You’ll see several panes in the Add/Remove window. It’s pretty self-explanatory; you can search through the package collections, browse various categories (like GNOME desktop, Fonts, or Education) and select the packages or package collections that you want. Behind the scenes, PackageKit is handling the RPM and Yum operations to search the Yum package repos, install software or remove it.
One thing that’s particularly handy is the Software Log Viewer. Wondering what you’ve installed lately? Go to System, Software Log and it will pull up a dialog with all of the packages that have been touched by the Add/Remove Software application. Go to Software Sources (under the System menu) to see what sources your system is using to pull updates and scan for new software.
By default, Fedora should be configured to check for updates automatically. To run updates, you should see an icon in the GNOME taskbar when updates are ready, and all that you’ll need to do is click the icon and it will provide the Software Update menu. You’ll only need to provide the admin password if you want to actually run the updates.
This should show you the type of updates, the size and notes for each update.
The PackageKit interface is fairly full-featured and should be enough for most users to get by on any Linux distribution. However, PackageKit also has a command line interface you can use if you prefer to do things at the command line, or if you want to write scripts that work across distributions.
PackageKit Command Line
The primary tool for PackageKit is pkcon. Unfortunately, its man page is a bit sparse, but you can get all the options you need with pkcon –help. Let’s look at some of the more common operations you might want to use.

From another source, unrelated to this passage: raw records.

(* For the torsion-free cotorsion-free connections of the discrete torus model with frame group $\mathbb{Z}_4$ and universal calculus (parametrised by $a,b$ as in the context), the Ricci scalar is \[R=\partial^1b+\partial^2a+(\bar\partial^2\Theta_1)R_1b+(\bar\partial^1\Theta_2)R_2a-2bR_1b-2aR_2a.\]
   Context: Discrete torus model: $\Sigma=\mathbb{Z}_2\times\mathbb{Z}_2$, $x\to y$ iff $y-x\in\{(1,0),(0,1)\}$; diagonal zweibein $e_{1,x,x+(1,0)}=\Theta_1(x)^{-1}$, $e_{2,x,x+(0,1)}=\Theta_2(x)^{-1}$, $\Theta_a$ nowhere-vanishing with $\Theta_1R_1\Theta_2=\Theta_2R_2\Theta_1$; $R_1f(x)=f(x+(1,0))$, $R_2f(x)=f(x+(0,1))$, $\bar\partial^a=R_a-\mathrm{id}$, $\partial^a=\Theta_a\bar\partial^a$; $e_af=R_a(f)e_a$, $\mathrm{d}f=\sum_a(\partial^af)e_a$; two-forms $e_1\wedge e_2=-e_2\wedge e_1$, $e_a\wedge e_a=0$, $\mathrm{d}e_1=(\bar\partial^1\Theta_2)e_1\wedge e_2$, $\mathrm{d}e_2=-(\bar\partial^2\Theta_1)e_1\wedge e_2$; lift $\iota(e_1\wedge e_2)=\frac12(e_1\otimes e_2-e_2\otimes e_1)$; metric $\eta=e_1\otimes e_1+e_2\otimes e_2$. Frame group $\mathbb{Z}_4$ acting by quarter rotations ($\bar1$: $e_1\mapsto e_2,e_2\mapsto-e_1$), universal calculus $\mathcal C=\{\bar1,\bar2,\bar3\}$, $f^i=i-\bar0$. The torsion-free ($\mathrm{d}e_a+\sum_iA_i\wedge f^i\triangleright e_a=0$) and cotorsion-free ($\mathrm{d}e_a+\sum_i(f^{-i}\triangleright e_a)\wedge A_i=0$) connections are $A_{\bar1}=\alpha e_1+\beta e_2$, $A_{\bar3}=\gamma e_1+\delta e_2$, $A_{\bar2}=\frac12(-\alpha+\beta-\gamma-\delta-\bar\partial^2\Theta_1)e_1+\frac12(-\alpha-\beta+\gamma-\delta-\bar\partial^1\Theta_2)e_2$ with $a=\gamma-\alpha$, $b=\beta-\delta$ satisfying $(R_1+R_2)a=(R_1+R_2)b=0$. Curvature $F_i=\mathrm{d}A_i+\sum_{j+k=i}A_j\wedge A_k-(A_i\wedge A+A\wedge A_i)$, $A=\sum_jA_j$ ($j,k\in\mathcal C$). With $\iota(F_i)=\sum\iota(F_i)^{ab}e_a\otimes e_b$, $\mathrm{Ricci}=\sum_{i,a,b}\iota(F_i)^{ab}e_b\otimes f^i\triangleright e_a=\sum R_{ab}e_a\otimes e_b$, and the Ricci scalar is $R=R_{11}+R_{22}$. *)

theory Defs
  imports Main
begin

text \<open>Discrete torus model on Sigma = Z2 x Z2, points encoded as bool x bool
  (True = 1, False = 0).  Scalars range over an arbitrary field of characteristic 0.
  Indices a in {1,2} label the zweibein e_1, e_2; frame group Z4 elements are
  represented by nat 0..3 (addition mod 4); the universal calculus is C = {1,2,3}.\<close>

type_synonym 'a fn = "bool \<times> bool \<Rightarrow> 'a"

text \<open>One-forms sum_a u_a e_a (left coefficients u_a, a = 1,2).\<close>
type_synonym 'a oneform = "nat \<Rightarrow> 'a fn"

text \<open>Two-forms h e_1 /\ e_2, represented by the left coefficient h.\<close>
type_synonym 'a twoform = "'a fn"

text \<open>R_1 f(x) = f(x+(1,0)), R_2 f(x) = f(x+(0,1)).\<close>
definition shift :: "nat \<Rightarrow> 'a fn \<Rightarrow> 'a fn" where
  "shift a f = (\<lambda>(x, y). if a = 1 then f (\<not> x, y) else f (x, \<not> y))"

definition dbar :: "nat \<Rightarrow> ('a::ab_group_add) fn \<Rightarrow> 'a fn" where
  "dbar a f = (\<lambda>p. shift a f p - f p)"

definition del :: "(nat \<Rightarrow> ('a::ring) fn) \<Rightarrow> nat \<Rightarrow> 'a fn \<Rightarrow> 'a fn" where
  "del \<Theta> a f = (\<lambda>p. \<Theta> a p * dbar a f p)"

definition oneform :: "'a fn \<Rightarrow> 'a fn \<Rightarrow> 'a oneform" where
  "oneform f g = (\<lambda>c. if c = 1 then f else g)"

definition basis :: "nat \<Rightarrow> ('a::zero_neq_one) oneform" where
  "basis a = (\<lambda>c p. if c = a then 1 else 0)"

text \<open>e_a /\ e_b = eps a b (e_1 /\ e_2).\<close>
definition eps :: "nat \<Rightarrow> nat \<Rightarrow> 'a::ring_1" where
  "eps a b = (if a = 1 \<and> b = 2 then 1 else if a = 2 \<and> b = 1 then -1 else 0)"

text \<open>(u_a e_a) /\ (v_b e_b) = u_a R_a(v_b) e_a /\ e_b, using e_a f = R_a(f) e_a.\<close>
definition wedge :: "('a::ring_1) oneform \<Rightarrow> 'a oneform \<Rightarrow> 'a twoform" where
  "wedge u v = (\<lambda>p. \<Sum>a\<in>{1,2}. \<Sum>b\<in>{1,2}. eps a b * u a p * shift a (v b) p)"

definition dfun :: "(nat \<Rightarrow> ('a::ring) fn) \<Rightarrow> 'a fn \<Rightarrow> 'a oneform" where
  "dfun \<Theta> f = (\<lambda>a. del \<Theta> a f)"

definition de :: "(nat \<Rightarrow> ('a::ring) fn) \<Rightarrow> nat \<Rightarrow> 'a twoform" where
  "de \<Theta> a = (if a = 1 then dbar 1 (\<Theta> 2) else (\<lambda>p. - dbar 2 (\<Theta> 1) p))"

definition dform :: "(nat \<Rightarrow> ('a::ring_1) fn) \<Rightarrow> 'a oneform \<Rightarrow> 'a twoform" where
  "dform \<Theta> u = (\<lambda>p. \<Sum>a\<in>{1,2}. wedge (dfun \<Theta> (u a)) (basis a) p + u a p * de \<Theta> a p)"

text \<open>Quarter rotation (generator 1 of Z4): e_1 |-> e_2, e_2 |-> -e_1, on coefficient vectors.\<close>
definition qrot :: "int \<times> int \<Rightarrow> int \<times> int" where
  "qrot = (\<lambda>(x, y). (- y, x))"

definition vec :: "nat \<Rightarrow> int \<times> int" where
  "vec a = (if a = 1 then (1, 0) else (0, 1))"

definition comp :: "nat \<Rightarrow> int \<times> int \<Rightarrow> int" where
  "comp c v = (if c = 1 then fst v else snd v)"

text \<open>f^i |> e_a = (i - 0) |> e_a = i |> e_a - e_a, a constant-coefficient one-form.\<close>
definition frameact :: "nat \<Rightarrow> nat \<Rightarrow> ('a::ring_1) oneform" where
  "frameact i a = (\<lambda>c p. of_int (comp c ((qrot ^^ i) (vec a)) - comp c (vec a)))"

definition calcC :: "nat set" where
  "calcC = {1, 2, 3}"

definition Asum :: "(nat \<Rightarrow> ('a::ring_1) oneform) \<Rightarrow> 'a oneform" where
  "Asum A = (\<lambda>c p. \<Sum>j\<in>calcC. A j c p)"

definition curv :: "(nat \<Rightarrow> ('a::ring_1) fn) \<Rightarrow> (nat \<Rightarrow> 'a oneform) \<Rightarrow> nat \<Rightarrow> 'a twoform" where
  "curv \<Theta> A i = (\<lambda>p. dform \<Theta> (A i) p
      + (\<Sum>j\<in>calcC. \<Sum>k\<in>calcC. if (j + k) mod 4 = i then wedge (A j) (A k) p else 0)
      - (wedge (A i) (Asum A) p + wedge (Asum A) (A i) p))"

text \<open>iota(h e_1/\e_2) = h/2 (e_1 (x) e_2 - e_2 (x) e_1); coefficient of e_a (x) e_b.\<close>
definition iota :: "('a::field_char_0) twoform \<Rightarrow> nat \<Rightarrow> nat \<Rightarrow> 'a fn" where
  "iota h a b = (\<lambda>p. eps a b * h p / 2)"

text \<open>Ricci = sum_{i,a,b} iota(F_i)^{ab} e_b (x) (f^i |> e_a) = sum R_{bc} e_b (x) e_c;
  since f^i |> e_a has constant coefficients, R_{bc} = sum_{i,a} iota(F_i)^{ab} (f^i |> e_a)_c.\<close>
definition ricci :: "(nat \<Rightarrow> ('a::field_char_0) fn) \<Rightarrow> (nat \<Rightarrow> 'a oneform) \<Rightarrow> nat \<Rightarrow> nat \<Rightarrow> 'a fn" where
  "ricci \<Theta> A b c = (\<lambda>p. \<Sum>i\<in>calcC. \<Sum>a\<in>{1,2}. iota (curv \<Theta> A i) a b p * frameact i a c p)"

definition ricci_scalar :: "(nat \<Rightarrow> ('a::field_char_0) fn) \<Rightarrow> (nat \<Rightarrow> 'a oneform) \<Rightarrow> 'a fn" where
  "ricci_scalar \<Theta> A = (\<lambda>p. ricci \<Theta> A 1 1 p + ricci \<Theta> A 2 2 p)"

end

theory Submission
  imports Defs
begin

text \<open>Contracting with the frame action leaves only the two quarter turns, so
  R = F_1 - F_3.  Writing D = A_3 - A_1 = a e_1 - b e_2 and N = A_1 + 2 A_2 + A_3, the cross
  terms of the two curvatures combine to F_1 - F_3 = D /\ N + N /\ D - dD, and the free
  parameters \<alpha>, \<beta>, \<gamma>, \<delta> drop out of N.  Expanding in coordinates, the surplus terms cancel
  because each shift R_a is an involution of Z_2 x Z_2, so that R_a dbar^a = - dbar^a, and
  because (R_1 + R_2) a = (R_1 + R_2) b = 0.\<close>

lemma frameact_values:
  "frameact 1 2 1 p = -1" "frameact 1 1 2 p = 1"
  "frameact 2 2 1 p = 0" "frameact 2 1 2 p = 0"
  "frameact 3 2 1 p = 1" "frameact 3 1 2 p = -1"
  by (simp_all add: frameact_def qrot_def vec_def comp_def numeral_eq_Suc)

lemma eps_values: "eps 1 1 = 0" "eps 1 2 = 1" "eps 2 1 = -1" "eps 2 2 = 0"
  by (simp_all add: eps_def)

lemma sum_pair: "(\<Sum>a\<in>{1, 2::nat}. f a) = f 1 + f 2"
  by simp

lemma sum_calcC: "(\<Sum>j\<in>calcC. f j) = f 1 + f 2 + f 3"
  by (simp add: calcC_def add.assoc)

lemma ricci_scalar_eq_curv_diff:
  "ricci_scalar \<Theta> A p = curv \<Theta> A 1 p - curv \<Theta> A 3 p"
  unfolding ricci_scalar_def ricci_def sum_calcC iota_def sum_pair
  by (simp only: eps_values frameact_values) (simp add: field_simps)

lemma wedge_coords: "wedge u v p = u 1 p * shift 1 (v 2) p - u 2 p * shift 2 (v 1) p"
  by (simp add: wedge_def eps_def)

lemma dform_coords:
  "dform \<Theta> u p = del \<Theta> 1 (u 2) p - del \<Theta> 2 (u 1) p
     + u 1 p * dbar 1 (\<Theta> 2) p - u 2 p * dbar 2 (\<Theta> 1) p"
  by (simp add: dform_def wedge_def eps_def dfun_def basis_def shift_def de_def)

lemma shift_dbar: "shift a (dbar a f) p = - dbar a f p"
  by (simp add: dbar_def shift_def split: prod.split)

lemma shift_diff: "shift a (\<lambda>q. f q - g q) p = shift a f p - shift a g p"
  by (simp add: shift_def split: prod.split)

lemma shift_uminus: "shift a (\<lambda>q. - f q) p = - shift a f p"
  by (simp add: shift_def split: prod.split)

lemma del_uminus: "del \<Theta> a (\<lambda>q. - f q) p = - del \<Theta> a f p"
  by (simp add: del_def dbar_def shift_uminus algebra_simps)

lemma curv_1_minus_curv_3:
  fixes A :: "nat \<Rightarrow> ('a::comm_ring_1) oneform"
  defines "D \<equiv> \<lambda>c q. A 3 c q - A 1 c q"
    and "N \<equiv> \<lambda>c q. 2 * A 2 c q + A 1 c q + A 3 c q"
  shows "curv \<Theta> A 1 p - curv \<Theta> A 3 p = wedge D N p + wedge N D p - dform \<Theta> D p"
proof -
  obtain x y where p: "p = (x, y)" by force
  show ?thesis
    unfolding curv_def sum_calcC Asum_def wedge_coords dform_coords D_def N_def p
    by (simp add: shift_def del_def dbar_def algebra_simps)
qed

lemma torus_curvature_identity:
  fixes \<Theta> :: "nat \<Rightarrow> ('a::comm_ring_1) fn"
  assumes a_cond: "\<forall>p. shift 1 a p + shift 2 a p = 0"
    and b_cond: "\<forall>p. shift 1 b p + shift 2 b p = 0"
  defines "D \<equiv> oneform a (\<lambda>p. - b p)"
    and "N \<equiv> oneform (\<lambda>p. b p - dbar 2 (\<Theta> 1) p) (\<lambda>p. a p - dbar 1 (\<Theta> 2) p)"
  shows "wedge D N p + wedge N D p - dform \<Theta> D p =
    del \<Theta> 1 b p + del \<Theta> 2 a p
       + dbar 2 (\<Theta> 1) p * shift 1 b p + dbar 1 (\<Theta> 2) p * shift 2 a p
       - 2 * b p * shift 1 b p - 2 * a p * shift 2 a p"
proof -
  have "shift 1 a p = - shift 2 a p" "shift 1 b p = - shift 2 b p"
    using a_cond[rule_format, of p] b_cond[rule_format, of p]
    by (simp_all only: eq_neg_iff_add_eq_0)
  then show ?thesis
    unfolding D_def N_def wedge_coords dform_coords oneform_def
    by (simp add: shift_dbar shift_diff shift_uminus del_uminus algebra_simps)
qed

theorem proposition4p3:
  fixes \<Theta> :: "nat \<Rightarrow> ('a::field_char_0) fn"
    and \<alpha> \<beta> \<gamma> \<delta> a b :: "'a fn"
    and A :: "nat \<Rightarrow> 'a oneform"
  assumes nonvanish: "\<forall>i\<in>{1,2}. \<forall>p. \<Theta> i p \<noteq> 0"
    and compat: "\<forall>p. \<Theta> 1 p * shift 1 (\<Theta> 2) p = \<Theta> 2 p * shift 2 (\<Theta> 1) p"
    and A1: "A 1 = oneform \<alpha> \<beta>"
    and A3: "A 3 = oneform \<gamma> \<delta>"
    and A2: "A 2 = oneform
        (\<lambda>p. (- \<alpha> p + \<beta> p - \<gamma> p - \<delta> p - dbar 2 (\<Theta> 1) p) / 2)
        (\<lambda>p. (- \<alpha> p - \<beta> p + \<gamma> p - \<delta> p - dbar 1 (\<Theta> 2) p) / 2)"
    and a_def: "a = (\<lambda>p. \<gamma> p - \<alpha> p)"
    and b_def: "b = (\<lambda>p. \<beta> p - \<delta> p)"
    and a_cond: "\<forall>p. shift 1 a p + shift 2 a p = 0"
    and b_cond: "\<forall>p. shift 1 b p + shift 2 b p = 0"
  shows "ricci_scalar \<Theta> A =
    (\<lambda>p. del \<Theta> 1 b p + del \<Theta> 2 a p
       + dbar 2 (\<Theta> 1) p * shift 1 b p + dbar 1 (\<Theta> 2) p * shift 2 a p
       - 2 * b p * shift 1 b p - 2 * a p * shift 2 a p)"
proof -
  have D: "(\<lambda>c q. A 3 c q - A 1 c q) = oneform a (\<lambda>q. - b q)"
    unfolding A1 A3 a_def b_def oneform_def by (simp add: fun_eq_iff)
  have N: "(\<lambda>c q. 2 * A 2 c q + A 1 c q + A 3 c q) =
      oneform (\<lambda>q. b q - dbar 2 (\<Theta> 1) q) (\<lambda>q. a q - dbar 1 (\<Theta> 2) q)"
    unfolding A1 A2 A3 a_def b_def oneform_def by (simp add: fun_eq_iff field_simps)
  show ?thesis
    unfolding fun_eq_iff ricci_scalar_eq_curv_diff curv_1_minus_curv_3 D N
    by (intro allI torus_curvature_identity[OF a_cond b_cond])
qed

end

To refresh the list of software, run pkcon refresh. This should pull down any new data from the repositories.
To search the repos and see what is installed or available, run pkcon search typestring where type is the type of search, and string is the search string. For instance, if you want to search packages by name, run pkcon search name yum and you’ll see something like this:
Transaction: Searching by name
Status: Starting
Status: Querying
Package: PackageKit-yum-0.6.3-1.fc13.i686
Package: PackageKit-yum-plugin-0.6.3-1.fc13.i686
Package: anaconda-yum-plugins-1:1.0-5.fc12.noarch
Results:
Installed PackageKit-yum-0.6.3-1.fc13.i686
Available PackageKit-yum-0.6.4-1.fc13.i686
Installed PackageKit-yum-plugin-0.6.3-1.fc13.i686
Available PackageKit-yum-plugin-0.6.4-1.fc13.i686
Installed anaconda-yum-plugins-1:1.0-5.fc12.noarch
The results have been trimmed for length, but you get the idea. It shows all packages that match the name, and the state (Installed or Available). You can also search package details using pkcon search details string. If you need to figure out what package provides a specific file, you can use pkcon search file filename. Note that you need to provide the entire path for the filename.

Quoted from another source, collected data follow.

(* Let $s,t,k$ be non-negative integers with $t \le A(s,2k-2,k)$. For every family $\mathscr{F}$ of $t$ graphs, each having $n$ vertices and being $p$-almost equitably $k$-colorable, \[ \mathscr{U}(\mathscr{F}) ~\le~ s\left\lceil \frac{n-p}{k}\right\rceil + tp . \]
   Context: All graphs are finite and simple. A graph $U$ is an induced-universal graph for a family $\mathscr{F}$ if every graph of $\mathscr{F}$ is isomorphic to an induced subgraph of $U$; $\mathscr{U}(\mathscr{F})$ is the smallest number of vertices of such a $U$. A $k$-coloring is equitable if its $k$ color classes (stable sets) have sizes pairwise differing by at most one; a graph $G$ is $p$-almost equitably $k$-colorable if there is a set $X$ of at most $p$ vertices such that $G\setminus X$ has an equitable $k$-coloring. $A(n,d,w)$ denotes the maximum number of binary words of length $n$ and Hamming weight $w$ that are pairwise at Hamming distance at least $d$; equivalently $A(n,2k-2,k)$ is the maximum number of pairwise edge-disjoint copies of $K_k$ in $K_n$. *)

theory Defs
  imports Complex_Main
begin

definition simple_graph :: "'a set \<Rightarrow> 'a set set \<Rightarrow> bool" where
  "simple_graph V E \<longleftrightarrow> finite V \<and> (\<forall>e\<in>E. e \<subseteq> V \<and> card e = 2)"

definition induced_embedding ::
  "'a set \<Rightarrow> 'a set set \<Rightarrow> 'b set \<Rightarrow> 'b set set \<Rightarrow> ('a \<Rightarrow> 'b) \<Rightarrow> bool" where
  "induced_embedding V E W F f \<longleftrightarrow>
     inj_on f V \<and> f ` V \<subseteq> W \<and>
     (\<forall>x\<in>V. \<forall>y\<in>V. {x, y} \<in> E \<longleftrightarrow> {f x, f y} \<in> F)"

definition induced_universal ::
  "'b set \<Rightarrow> 'b set set \<Rightarrow> (nat \<Rightarrow> 'a set \<times> 'a set set) \<Rightarrow> nat \<Rightarrow> bool" where
  "induced_universal W F Gs t \<longleftrightarrow> simple_graph W F \<and>
     (\<forall>i<t. \<exists>f. induced_embedding (fst (Gs i)) (snd (Gs i)) W F f)"

definition univ_num :: "(nat \<Rightarrow> 'a set \<times> 'a set set) \<Rightarrow> nat \<Rightarrow> nat" where
  "univ_num Gs t = (LEAST m. \<exists>F. induced_universal {0..<m} F Gs t)"

definition equitably_colorable :: "'a set \<Rightarrow> 'a set set \<Rightarrow> nat \<Rightarrow> bool" where
  "equitably_colorable V E k \<longleftrightarrow> (\<exists>c :: 'a \<Rightarrow> nat.
     c ` V \<subseteq> {..<k} \<and>
     (\<forall>x\<in>V. \<forall>y\<in>V. {x, y} \<in> E \<longrightarrow> c x \<noteq> c y) \<and>
     (\<forall>i<k. \<forall>j<k. card {v\<in>V. c v = i} \<le> card {v\<in>V. c v = j} + 1))"

definition almost_equitably_colorable :: "nat \<Rightarrow> 'a set \<Rightarrow> 'a set set \<Rightarrow> nat \<Rightarrow> bool" where
  "almost_equitably_colorable p V E k \<longleftrightarrow> (\<exists>X. X \<subseteq> V \<and> card X \<le> p \<and>
     equitably_colorable (V - X) {e\<in>E. e \<subseteq> V - X} k)"

definition hamming_weight :: "bool list \<Rightarrow> nat" where
  "hamming_weight x = length (filter id x)"

definition hamming_dist :: "bool list \<Rightarrow> bool list \<Rightarrow> nat" where
  "hamming_dist x y = card {i. i < length x \<and> x ! i \<noteq> y ! i}"

definition const_weight_code :: "nat \<Rightarrow> nat \<Rightarrow> nat \<Rightarrow> bool list set \<Rightarrow> bool" where
  "const_weight_code n d w C \<longleftrightarrow>
     (\<forall>x\<in>C. length x = n \<and> hamming_weight x = w) \<and>
     (\<forall>x\<in>C. \<forall>y\<in>C. x \<noteq> y \<longrightarrow> d \<le> hamming_dist x y)"

definition A_code :: "nat \<Rightarrow> nat \<Rightarrow> nat \<Rightarrow> nat" where
  "A_code n d w = Max (card ` {C. const_weight_code n d w C})"

end

(*
  A constant-weight code word of length s and weight k is a k-set of blocks among s, and
  Hamming distance at least 2k - 2 means that two code words share at most one block.
  Take t such k-sets S_i. The universal graph has s shared blocks of m = ceil((n - p) / k)
  vertices and a private set of p vertices for each graph. Graph i puts the colour classes
  of an equitable k-colouring of all but at most p of its vertices into the blocks of S_i,
  one class per block; as the classes are balanced, truncating them to m vertices still
  leaves at most p vertices for the private set. All edges are copied into the universal
  graph. A copied edge of graph j with both ends among the vertices of graph i lies in
  blocks common to S_i and S_j, hence in one block, hence inside a colour class of graph j,
  which is impossible: so each graph is an induced subgraph.
*)
theory Submission
  imports Defs
begin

To install software with pkcon, use pkcon install packagename or pkcon install-local filename. The second command will allow you to install a package from the local disk, the first will pull a package from the system repositories. Naturally, you can remove software using pkcon remove packagename as well.
Generally, using pkcon isn’t any harder than using APT, Zypper or Yum. The advantage to learning pkcon is that it should be available for most distributions and you can use the same commands to work with packages on openSUSE, Fedora, Debian, Mandriva, Ubuntu, and others. It’s well worth spending some time to get to know pkcon if you’re working with multiple distributions.
One Tool to Rule Them All
This is one area where users should encourage their favorite distro to focus on one solution, or at least make sure that PackageKit is enabled by default for updates and available for working with packages. As Linux continues to evolve and bring in more mainstream users, it doesn’t help our new users to have to learn multiple tools just to install and work with software at a basic level.